Dummy question on ```Take``` outcome

Hi,
I have a very basic question, let’s say i have done a set of DataFrame.Define() with custom expression and for each of them i do a Take() , let’s say i produce the vector _var1, var2, with the Take.

Are the _var1->at(i) and _var2->at(i) always pointing to the same initial tuple entry (i) ?

Thanks
Renato

Hi Renato,
with multi-threading enabled, the entries in the vectors returned by Take will be shuffled with respect to the input data, but will be consistent with respect to Take outputs produced by the same event loop.

Cheers,
Enrico

1 Like

Hi @eguiraud,
Let’s say i need to make some 2D operation and my very bad model is doing something like

vector<T> giveMeEntries( TChain* chain, TString _expr){
  RDataFrame df(*chain); 
  auto dd = df.Define( "MyObservable" , _expr.Data()); 
  auto _output = dd.Take<T>( "MyObservable") ; 
 vector<T> _out = std::move( *_output); 
  return _out;
}

And i do call thing like

varX= giveMeEntries( tuple , "obsx"); 
varY= giveMeEntries( tuple , "obsy"); 

How can i ensure varX->at(i) is linked to varY->at(i) . Is it possible to have this behaviour altough very sub-optimal ?
Is disabling MT allowing this?

Hi,
disabling MT guarantees that the input chain is always processed in the same order, so outputs will follow the same order.

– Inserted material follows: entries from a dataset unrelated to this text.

(* Let $f\in C([t_+,\infty)\times \mathbb{R}^n,\mathbb{R}^m)$ have a partial derivative $\frac{\partial f}{\partial x}\in C([t_+,\infty)\times \mathbb{R}^n, \mathrm{L}(\mathbb{R}^n,\mathbb{R}^m))$, and suppose that for every fixed $t_*$, $x_*=x_{s_1}^*+x_{s_2}^*+x_{p_1}^*+x_{p_2}^*$ with $(t_*,x_* )\in L_{t_+}$ and $x_{s_2}^*\in D_{s_2}$ the operator $\Phi_{t_*,x_*}=\left[\frac{\partial Q_2f}{\partial x}(t_*,x_* )- B\right] P_2\colon X_2\to Y_2$ is invertible. Then: (i) $f$ satisfies locally a Lipschitz condition with respect to $x$ on $[t_+,\infty)\times\mathbb{R}^n$; and (ii) for every such $(t_*,x_* )$ there exist a neighborhood $U_\delta(t_*,x_{s_1}^*,x_{s_2}^*,x_{p_1}^* )=U_{\delta_1}(t_* )\times U_{\delta_2}(x_{s_1}^* )\times U_{\delta_3}(x_{s_2}^* )\times U_{\delta_4}(x_{p_1}^* )$ (where $U_{\delta_3}(x_{s_2}^* )\subseteq D_{s_2}$ may be closed), a neighborhood $U_\varepsilon(x_{p_2}^* )$ and an invertible operator $\Phi_{t_*,x_*}\in\mathrm{L}(X_2,Y_2)$ (namely the operator above) such that for all $(t,x_{s_1},x_{s_2},x_{p_1})\in U_\delta(t_*,x_{s_1}^*,x_{s_2}^*,x_{p_1}^* )$ and $x_{p_2}^1,x_{p_2}^2\in U_\varepsilon(x_{p_2}^* )$ the mapping $\widetilde{\Psi}(t,x_{s_1},x_{s_2},x_{p_1},x_{p_2}):= Q_2f(t,x_{s_1}+x_{s_2}+x_{p_1}+x_{p_2})-B\big|_{X_2}x_{p_2}$ satisfies $\|\widetilde{\Psi}(t,x_{s_1},x_{s_2},x_{p_1},x_{p_2}^1)- \widetilde{\Psi}(t,x_{s_1},x_{s_2},x_{p_1},x_{p_2}^2)-\Phi_{t_*,x_*} [x_{p_2}^1-x_{p_2}^2]\|\le c\|x_{p_2}^1-x_{p_2}^2\|$ with $c=c(\delta,\varepsilon)$ satisfying $\lim_{\delta,\varepsilon\to 0} c(\delta,\varepsilon)<\|\Phi_{t_*,x_*}^{-1}\|^{-1}$. Consequently, whenever the hypotheses of the global-solvability theorem with the differentiability/invertibility assumption hold, the hypotheses of the global-solvability theorem with the local-Lipschitz/contraction assumption (ii) also hold, since all their remaining hypotheses coincide.
   Context: Consider the DAE $\frac{d}{dt}[Ax]+Bx=f(t,x)$, $t\in[t_+,\infty)$, $x\in\mathbb{R}^n$, with $A,B\in\mathrm{L}(\mathbb{R}^n,\mathbb{R}^m)$ forming a singular pencil $\lambda A+B$ whose regular block has index at most 1. There are direct decompositions $\mathbb{R}^n=X_{s_1}\dot+X_{s_2}\dot+X_1\dot+X_2$, $\mathbb{R}^m=Y_{s_1}\dot+Y_{s_2}\dot+Y_1\dot+Y_2$ with corresponding projectors $S_i\colon\mathbb{R}^n\to X_{s_i}$, $P_i\colon\mathbb{R}^n\to X_i$, $F_i\colon\mathbb{R}^m\to Y_{s_i}$, $Q_i\colon\mathbb{R}^m\to Y_i$ ($i=1,2$), and every $x\in\mathbb{R}^n$ is written $x=x_{s_1}+x_{s_2}+x_{p_1}+x_{p_2}$ with $x_{s_i}=S_ix$, $x_{p_i}=P_ix$. $L_{t_+}=\{(t,x)\in[t_+,\infty)\times\mathbb{R}^n\mid (F_2+Q_2)[Bx-f(t,x)]=0\}$, and $D_{s_2}\subset X_{s_2}$ is a given set. The two global-solvability theorems share the remaining hypotheses (unique solvability of the constraint for $x_{p_2}$ and the Lyapunov-type function condition) and differ only in the hypothesis given in the claim as the assumption versus (ii). *)

theory Defs
  imports "HOL-Analysis.Analysis"
begin

definition proj_decomp4 :: "('a::real_vector \<Rightarrow> 'a) \<Rightarrow> ('a \<Rightarrow> 'a) \<Rightarrow> ('a \<Rightarrow> 'a) \<Rightarrow> ('a \<Rightarrow> 'a) \<Rightarrow> bool" where
  "proj_decomp4 R1 R2 R3 R4 \<longleftrightarrow>
     (\<forall>R\<in>{R1, R2, R3, R4}. linear R \<and> R \<circ> R = R) \<and>
     (\<forall>x. R1 x + R2 x + R3 x + R4 x = x) \<and>
     R1 \<circ> R2 = (\<lambda>_. 0) \<and> R1 \<circ> R3 = (\<lambda>_. 0) \<and> R1 \<circ> R4 = (\<lambda>_. 0) \<and>
     R2 \<circ> R1 = (\<lambda>_. 0) \<and> R2 \<circ> R3 = (\<lambda>_. 0) \<and> R2 \<circ> R4 = (\<lambda>_. 0) \<and>
     R3 \<circ> R1 = (\<lambda>_. 0) \<and> R3 \<circ> R2 = (\<lambda>_. 0) \<and> R3 \<circ> R4 = (\<lambda>_. 0) \<and>
     R4 \<circ> R1 = (\<lambda>_. 0) \<and> R4 \<circ> R2 = (\<lambda>_. 0) \<and> R4 \<circ> R3 = (\<lambda>_. 0)"

definition L_set :: "real \<Rightarrow> ('n \<Rightarrow> 'm::real_vector) \<Rightarrow> ('m \<Rightarrow> 'm) \<Rightarrow> ('m \<Rightarrow> 'm)
    \<Rightarrow> (real \<Rightarrow> 'n \<Rightarrow> 'm) \<Rightarrow> (real \<times> 'n) set" where
  "L_set tp B F2 Q2 f = {(t, x). tp \<le> t \<and> F2 (B x - f t x) + Q2 (B x - f t x) = 0}"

With MT enabled, you can have giveMeEntries return a RResultPtr<vector<T>> instead of a vector<T> which would allow you to produce all outputs lazily, in a single event loop. This is much more efficient and guarantees that outputs will be ordered the same way (but shuffled w.r.t. the input chain).

Cheers,
Enrico

Thanks,
When you say always processed in the same order, does it mean that creating 3 times a new dataframe from scratch and taking 3 different columns, the resulting 3 vector are ordered in the same way?
I am totally aware this is a bad thing and one does not exploit fully the RDataFrame potentiality, but i am just trying to figure out if doing n-dataframes with same seed TTree and extracting for each one the corresponding n-observable vectors, i end up having n-observables vectors sorted differently or if the order is preserved (when MT is disabled)

When MT is disabled, RDataFrame just processes entries from beginning to end in the order they are served by the underlying TChain, so you would always get the same ordering in output, and it would correspond to the ordering of the entries in the input TChain.

When MT is enabled, input entries will be processed in shuffled order (each thread will process a bunch of entries, and the processing is racy) so each event loop will produce outputs as if the input entries where (kind of) randomly shuffled.

This topic was automatically closed 14 days after the last reply. New replies are no longer allowed.